• [Action item]:
Which lines in the records below contain the word "symmetric"? Return each of them.

• [Input data]:
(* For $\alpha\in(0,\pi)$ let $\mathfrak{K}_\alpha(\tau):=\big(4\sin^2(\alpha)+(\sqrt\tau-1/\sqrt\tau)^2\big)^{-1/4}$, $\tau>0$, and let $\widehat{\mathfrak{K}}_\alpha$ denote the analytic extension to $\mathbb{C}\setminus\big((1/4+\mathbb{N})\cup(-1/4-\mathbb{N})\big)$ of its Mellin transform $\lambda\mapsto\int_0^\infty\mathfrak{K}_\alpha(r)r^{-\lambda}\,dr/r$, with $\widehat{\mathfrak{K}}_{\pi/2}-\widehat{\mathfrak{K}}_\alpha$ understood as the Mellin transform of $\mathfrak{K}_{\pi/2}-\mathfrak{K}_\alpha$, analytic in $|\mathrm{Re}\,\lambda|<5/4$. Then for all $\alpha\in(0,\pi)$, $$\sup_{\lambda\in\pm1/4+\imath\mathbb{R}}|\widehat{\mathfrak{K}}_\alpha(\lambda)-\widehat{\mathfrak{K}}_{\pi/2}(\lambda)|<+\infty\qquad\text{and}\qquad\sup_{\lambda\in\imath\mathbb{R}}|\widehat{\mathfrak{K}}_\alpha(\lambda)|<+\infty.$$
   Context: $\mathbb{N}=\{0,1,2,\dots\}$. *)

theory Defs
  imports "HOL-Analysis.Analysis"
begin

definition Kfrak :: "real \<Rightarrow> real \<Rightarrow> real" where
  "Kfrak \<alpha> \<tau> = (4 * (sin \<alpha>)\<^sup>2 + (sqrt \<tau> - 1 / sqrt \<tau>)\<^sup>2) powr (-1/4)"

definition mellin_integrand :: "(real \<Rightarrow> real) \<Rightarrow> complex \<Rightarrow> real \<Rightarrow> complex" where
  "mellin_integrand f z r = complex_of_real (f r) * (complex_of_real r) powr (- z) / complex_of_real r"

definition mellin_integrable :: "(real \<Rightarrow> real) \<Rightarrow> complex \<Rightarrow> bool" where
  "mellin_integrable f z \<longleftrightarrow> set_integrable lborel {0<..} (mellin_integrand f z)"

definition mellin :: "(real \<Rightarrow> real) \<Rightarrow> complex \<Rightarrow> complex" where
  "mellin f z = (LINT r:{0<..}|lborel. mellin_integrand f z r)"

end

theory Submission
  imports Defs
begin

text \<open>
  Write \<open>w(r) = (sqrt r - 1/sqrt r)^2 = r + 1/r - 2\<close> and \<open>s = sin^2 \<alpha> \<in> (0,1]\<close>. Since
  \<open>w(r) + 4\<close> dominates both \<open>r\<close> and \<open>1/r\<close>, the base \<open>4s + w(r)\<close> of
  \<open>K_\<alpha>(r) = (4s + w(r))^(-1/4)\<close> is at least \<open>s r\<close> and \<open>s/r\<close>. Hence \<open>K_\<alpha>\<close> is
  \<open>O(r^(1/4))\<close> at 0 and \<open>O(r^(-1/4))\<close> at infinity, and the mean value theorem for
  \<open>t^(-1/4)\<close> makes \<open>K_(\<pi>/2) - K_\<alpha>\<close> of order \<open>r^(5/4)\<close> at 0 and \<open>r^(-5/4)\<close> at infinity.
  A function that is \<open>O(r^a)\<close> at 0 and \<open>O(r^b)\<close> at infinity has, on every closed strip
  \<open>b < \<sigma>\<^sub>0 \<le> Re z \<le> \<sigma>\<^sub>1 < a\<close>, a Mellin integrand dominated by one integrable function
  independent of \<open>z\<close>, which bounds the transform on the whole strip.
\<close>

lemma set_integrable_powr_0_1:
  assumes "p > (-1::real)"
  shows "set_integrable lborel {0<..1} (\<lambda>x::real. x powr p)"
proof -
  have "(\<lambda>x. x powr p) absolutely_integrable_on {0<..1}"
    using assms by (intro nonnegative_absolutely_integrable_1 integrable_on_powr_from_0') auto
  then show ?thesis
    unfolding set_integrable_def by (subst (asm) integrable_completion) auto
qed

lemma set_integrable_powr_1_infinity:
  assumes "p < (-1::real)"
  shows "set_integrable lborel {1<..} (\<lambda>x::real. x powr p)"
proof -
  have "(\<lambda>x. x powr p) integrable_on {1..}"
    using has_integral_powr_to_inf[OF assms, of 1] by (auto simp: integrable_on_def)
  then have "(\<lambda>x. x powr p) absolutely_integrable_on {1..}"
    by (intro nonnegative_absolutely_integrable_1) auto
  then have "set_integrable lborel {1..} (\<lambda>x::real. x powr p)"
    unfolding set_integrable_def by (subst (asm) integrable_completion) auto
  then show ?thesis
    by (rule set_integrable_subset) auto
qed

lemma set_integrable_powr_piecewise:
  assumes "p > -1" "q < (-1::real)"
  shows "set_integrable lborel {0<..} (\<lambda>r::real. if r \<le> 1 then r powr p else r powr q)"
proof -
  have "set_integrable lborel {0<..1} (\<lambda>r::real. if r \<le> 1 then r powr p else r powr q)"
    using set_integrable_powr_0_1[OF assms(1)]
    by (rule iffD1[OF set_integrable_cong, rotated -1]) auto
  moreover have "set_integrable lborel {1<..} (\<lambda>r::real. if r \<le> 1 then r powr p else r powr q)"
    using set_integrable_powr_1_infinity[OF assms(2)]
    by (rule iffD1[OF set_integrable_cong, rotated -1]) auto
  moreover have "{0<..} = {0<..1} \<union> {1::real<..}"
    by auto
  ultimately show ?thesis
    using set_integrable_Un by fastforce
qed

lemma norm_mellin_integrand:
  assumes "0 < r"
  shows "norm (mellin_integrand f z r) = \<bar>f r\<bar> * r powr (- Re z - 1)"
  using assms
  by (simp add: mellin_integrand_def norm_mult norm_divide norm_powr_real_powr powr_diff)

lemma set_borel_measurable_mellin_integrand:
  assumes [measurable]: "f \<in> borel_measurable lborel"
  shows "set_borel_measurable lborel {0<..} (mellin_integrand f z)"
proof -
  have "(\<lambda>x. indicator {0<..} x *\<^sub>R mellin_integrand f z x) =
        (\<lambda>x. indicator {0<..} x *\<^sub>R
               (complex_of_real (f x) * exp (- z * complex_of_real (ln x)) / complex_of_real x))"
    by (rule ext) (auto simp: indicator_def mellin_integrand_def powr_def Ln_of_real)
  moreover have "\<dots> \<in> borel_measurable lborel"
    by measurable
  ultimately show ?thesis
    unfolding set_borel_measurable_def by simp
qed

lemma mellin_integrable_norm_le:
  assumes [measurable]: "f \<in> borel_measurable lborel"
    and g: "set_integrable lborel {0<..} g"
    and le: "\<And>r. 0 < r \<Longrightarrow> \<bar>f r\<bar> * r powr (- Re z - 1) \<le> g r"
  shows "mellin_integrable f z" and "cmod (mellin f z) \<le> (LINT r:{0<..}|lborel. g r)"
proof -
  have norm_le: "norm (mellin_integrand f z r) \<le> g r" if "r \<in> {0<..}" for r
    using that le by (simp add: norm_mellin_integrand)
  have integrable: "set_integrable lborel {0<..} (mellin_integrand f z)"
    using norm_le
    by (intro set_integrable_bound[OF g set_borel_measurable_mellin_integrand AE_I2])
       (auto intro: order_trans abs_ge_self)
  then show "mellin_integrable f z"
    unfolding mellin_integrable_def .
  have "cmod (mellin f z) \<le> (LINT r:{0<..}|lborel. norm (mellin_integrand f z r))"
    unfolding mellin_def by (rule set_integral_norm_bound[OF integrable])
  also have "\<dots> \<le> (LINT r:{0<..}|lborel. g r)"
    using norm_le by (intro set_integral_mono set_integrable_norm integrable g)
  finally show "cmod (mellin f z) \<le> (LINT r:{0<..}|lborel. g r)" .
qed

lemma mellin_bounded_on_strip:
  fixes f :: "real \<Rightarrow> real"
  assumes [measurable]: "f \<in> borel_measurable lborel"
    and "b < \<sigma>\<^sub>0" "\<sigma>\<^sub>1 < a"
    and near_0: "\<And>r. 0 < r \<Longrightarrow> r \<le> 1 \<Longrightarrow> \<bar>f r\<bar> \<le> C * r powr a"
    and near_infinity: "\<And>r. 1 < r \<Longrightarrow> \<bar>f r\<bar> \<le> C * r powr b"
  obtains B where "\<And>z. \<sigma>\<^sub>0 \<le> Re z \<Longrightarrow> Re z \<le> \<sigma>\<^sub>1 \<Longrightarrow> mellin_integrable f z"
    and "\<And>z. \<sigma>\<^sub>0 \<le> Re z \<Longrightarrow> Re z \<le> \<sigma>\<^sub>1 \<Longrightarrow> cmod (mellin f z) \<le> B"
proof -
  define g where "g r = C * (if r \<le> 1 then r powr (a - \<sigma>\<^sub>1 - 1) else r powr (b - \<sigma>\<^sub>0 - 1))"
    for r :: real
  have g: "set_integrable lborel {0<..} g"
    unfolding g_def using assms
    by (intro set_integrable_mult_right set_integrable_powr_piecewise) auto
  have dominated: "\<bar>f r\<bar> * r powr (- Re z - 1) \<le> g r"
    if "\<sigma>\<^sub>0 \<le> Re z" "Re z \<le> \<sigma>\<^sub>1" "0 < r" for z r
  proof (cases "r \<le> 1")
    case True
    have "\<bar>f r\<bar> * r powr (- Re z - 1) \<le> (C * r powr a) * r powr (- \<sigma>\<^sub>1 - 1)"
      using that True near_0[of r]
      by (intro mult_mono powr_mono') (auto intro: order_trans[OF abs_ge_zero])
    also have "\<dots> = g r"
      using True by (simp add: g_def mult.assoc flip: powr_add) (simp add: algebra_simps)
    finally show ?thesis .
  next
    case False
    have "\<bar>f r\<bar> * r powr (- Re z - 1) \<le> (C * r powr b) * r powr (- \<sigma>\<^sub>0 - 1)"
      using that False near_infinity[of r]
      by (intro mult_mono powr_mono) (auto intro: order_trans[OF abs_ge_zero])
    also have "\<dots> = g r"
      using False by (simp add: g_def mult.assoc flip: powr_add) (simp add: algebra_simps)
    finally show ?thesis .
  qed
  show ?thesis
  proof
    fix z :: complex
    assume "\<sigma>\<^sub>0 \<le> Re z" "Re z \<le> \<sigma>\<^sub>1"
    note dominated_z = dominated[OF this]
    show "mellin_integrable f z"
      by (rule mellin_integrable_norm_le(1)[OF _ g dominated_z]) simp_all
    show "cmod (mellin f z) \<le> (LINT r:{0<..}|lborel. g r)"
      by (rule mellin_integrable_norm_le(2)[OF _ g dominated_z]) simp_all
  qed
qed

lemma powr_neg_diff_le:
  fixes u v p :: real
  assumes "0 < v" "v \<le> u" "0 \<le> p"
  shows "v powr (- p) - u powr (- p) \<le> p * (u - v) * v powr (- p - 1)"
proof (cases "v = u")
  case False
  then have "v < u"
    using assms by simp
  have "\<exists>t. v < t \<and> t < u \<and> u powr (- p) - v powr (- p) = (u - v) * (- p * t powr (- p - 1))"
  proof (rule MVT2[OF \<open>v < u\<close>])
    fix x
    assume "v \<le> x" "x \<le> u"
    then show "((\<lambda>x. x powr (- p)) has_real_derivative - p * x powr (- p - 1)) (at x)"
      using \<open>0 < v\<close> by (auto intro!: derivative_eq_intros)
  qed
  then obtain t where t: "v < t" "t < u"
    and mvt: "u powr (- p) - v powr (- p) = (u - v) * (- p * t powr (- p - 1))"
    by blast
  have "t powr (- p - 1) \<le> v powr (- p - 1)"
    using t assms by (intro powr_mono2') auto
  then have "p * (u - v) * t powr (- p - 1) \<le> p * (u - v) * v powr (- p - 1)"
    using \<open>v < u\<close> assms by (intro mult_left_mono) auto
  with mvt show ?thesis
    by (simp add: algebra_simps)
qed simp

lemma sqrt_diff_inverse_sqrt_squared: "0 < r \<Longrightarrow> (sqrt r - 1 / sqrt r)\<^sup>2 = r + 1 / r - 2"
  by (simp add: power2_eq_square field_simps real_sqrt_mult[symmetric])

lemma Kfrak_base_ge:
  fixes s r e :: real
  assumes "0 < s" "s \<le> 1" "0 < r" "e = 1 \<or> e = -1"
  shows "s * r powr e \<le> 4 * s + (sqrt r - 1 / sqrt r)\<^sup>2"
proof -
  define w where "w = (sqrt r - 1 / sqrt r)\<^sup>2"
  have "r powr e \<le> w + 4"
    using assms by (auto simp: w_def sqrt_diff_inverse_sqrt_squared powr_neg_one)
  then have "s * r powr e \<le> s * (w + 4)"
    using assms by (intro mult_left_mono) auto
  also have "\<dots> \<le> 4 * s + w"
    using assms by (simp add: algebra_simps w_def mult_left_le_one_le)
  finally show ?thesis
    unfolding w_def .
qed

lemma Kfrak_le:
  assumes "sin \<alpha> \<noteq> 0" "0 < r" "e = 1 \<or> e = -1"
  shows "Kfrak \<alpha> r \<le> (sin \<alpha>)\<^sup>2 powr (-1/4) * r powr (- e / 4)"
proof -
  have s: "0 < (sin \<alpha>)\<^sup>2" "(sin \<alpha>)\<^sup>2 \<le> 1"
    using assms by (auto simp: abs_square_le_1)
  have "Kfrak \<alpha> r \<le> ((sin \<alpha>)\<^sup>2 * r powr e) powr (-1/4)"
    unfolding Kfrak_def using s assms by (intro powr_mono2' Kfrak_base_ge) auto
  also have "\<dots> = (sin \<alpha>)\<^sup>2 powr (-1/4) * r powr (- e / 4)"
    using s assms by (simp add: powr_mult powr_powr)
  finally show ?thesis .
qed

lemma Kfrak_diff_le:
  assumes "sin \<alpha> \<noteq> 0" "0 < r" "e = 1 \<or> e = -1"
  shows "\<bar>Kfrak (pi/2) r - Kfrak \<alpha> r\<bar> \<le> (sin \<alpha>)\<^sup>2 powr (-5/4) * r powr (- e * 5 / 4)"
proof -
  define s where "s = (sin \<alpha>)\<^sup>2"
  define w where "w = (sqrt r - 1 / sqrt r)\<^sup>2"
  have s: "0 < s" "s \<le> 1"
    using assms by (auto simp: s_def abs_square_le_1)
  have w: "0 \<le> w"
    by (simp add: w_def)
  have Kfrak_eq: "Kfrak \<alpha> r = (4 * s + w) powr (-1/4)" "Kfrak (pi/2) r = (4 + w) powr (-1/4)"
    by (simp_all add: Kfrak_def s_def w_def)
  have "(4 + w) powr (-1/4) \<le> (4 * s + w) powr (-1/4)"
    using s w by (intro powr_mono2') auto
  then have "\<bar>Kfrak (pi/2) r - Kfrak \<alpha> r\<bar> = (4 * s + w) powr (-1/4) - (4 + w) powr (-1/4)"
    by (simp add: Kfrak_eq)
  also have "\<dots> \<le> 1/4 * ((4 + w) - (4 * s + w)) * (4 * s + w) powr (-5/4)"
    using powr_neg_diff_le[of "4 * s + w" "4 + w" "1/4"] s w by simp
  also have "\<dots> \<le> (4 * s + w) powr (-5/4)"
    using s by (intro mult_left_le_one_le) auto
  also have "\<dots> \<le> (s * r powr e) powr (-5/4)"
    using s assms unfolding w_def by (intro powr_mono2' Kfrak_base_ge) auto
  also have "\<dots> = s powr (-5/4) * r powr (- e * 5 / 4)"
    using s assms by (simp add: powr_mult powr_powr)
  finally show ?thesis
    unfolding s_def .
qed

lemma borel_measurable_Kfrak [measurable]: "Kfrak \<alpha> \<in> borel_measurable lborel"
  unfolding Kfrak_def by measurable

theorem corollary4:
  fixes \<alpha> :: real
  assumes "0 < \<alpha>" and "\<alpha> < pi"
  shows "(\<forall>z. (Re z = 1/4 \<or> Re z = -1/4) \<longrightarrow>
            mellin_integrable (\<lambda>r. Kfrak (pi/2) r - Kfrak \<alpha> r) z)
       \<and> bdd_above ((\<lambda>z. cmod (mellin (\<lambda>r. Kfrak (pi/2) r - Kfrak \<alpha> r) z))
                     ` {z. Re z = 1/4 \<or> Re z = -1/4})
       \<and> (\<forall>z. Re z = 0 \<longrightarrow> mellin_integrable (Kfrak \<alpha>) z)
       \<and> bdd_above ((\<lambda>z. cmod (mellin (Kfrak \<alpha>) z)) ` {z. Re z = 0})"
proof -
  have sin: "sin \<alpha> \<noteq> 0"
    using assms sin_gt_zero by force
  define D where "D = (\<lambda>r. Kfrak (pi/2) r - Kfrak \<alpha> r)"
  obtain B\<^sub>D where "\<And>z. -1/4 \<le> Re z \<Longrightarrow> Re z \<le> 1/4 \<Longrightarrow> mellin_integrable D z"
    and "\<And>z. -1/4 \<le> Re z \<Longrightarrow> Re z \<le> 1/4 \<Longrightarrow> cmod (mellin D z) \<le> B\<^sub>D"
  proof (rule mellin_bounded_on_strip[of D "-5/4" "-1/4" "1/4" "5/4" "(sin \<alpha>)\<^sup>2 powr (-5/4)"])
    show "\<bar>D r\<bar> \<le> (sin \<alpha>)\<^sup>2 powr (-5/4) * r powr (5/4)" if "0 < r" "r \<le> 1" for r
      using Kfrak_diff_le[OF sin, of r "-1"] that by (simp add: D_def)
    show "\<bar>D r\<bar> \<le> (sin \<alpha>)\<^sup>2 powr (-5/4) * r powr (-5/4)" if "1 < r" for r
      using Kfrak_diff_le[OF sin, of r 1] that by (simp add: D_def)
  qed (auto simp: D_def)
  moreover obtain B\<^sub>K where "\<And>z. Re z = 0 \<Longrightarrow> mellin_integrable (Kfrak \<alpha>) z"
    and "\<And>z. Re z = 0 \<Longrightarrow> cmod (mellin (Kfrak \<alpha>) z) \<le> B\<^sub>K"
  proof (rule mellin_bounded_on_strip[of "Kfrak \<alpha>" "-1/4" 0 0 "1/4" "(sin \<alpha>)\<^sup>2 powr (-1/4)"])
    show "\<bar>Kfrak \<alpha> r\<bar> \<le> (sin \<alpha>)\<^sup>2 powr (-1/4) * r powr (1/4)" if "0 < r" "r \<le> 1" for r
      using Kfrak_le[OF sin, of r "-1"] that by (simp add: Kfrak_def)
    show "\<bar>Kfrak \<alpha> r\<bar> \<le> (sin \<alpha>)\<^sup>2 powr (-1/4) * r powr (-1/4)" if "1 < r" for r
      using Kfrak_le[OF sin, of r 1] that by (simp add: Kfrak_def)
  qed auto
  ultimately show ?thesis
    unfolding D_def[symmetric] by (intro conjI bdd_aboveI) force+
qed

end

• [Exercise response]:
  by (simp add: power2_eq_square field_simps real_sqrt_mult[symmetric])
    unfolding D_def[symmetric] by (intro conjI bdd_aboveI) force+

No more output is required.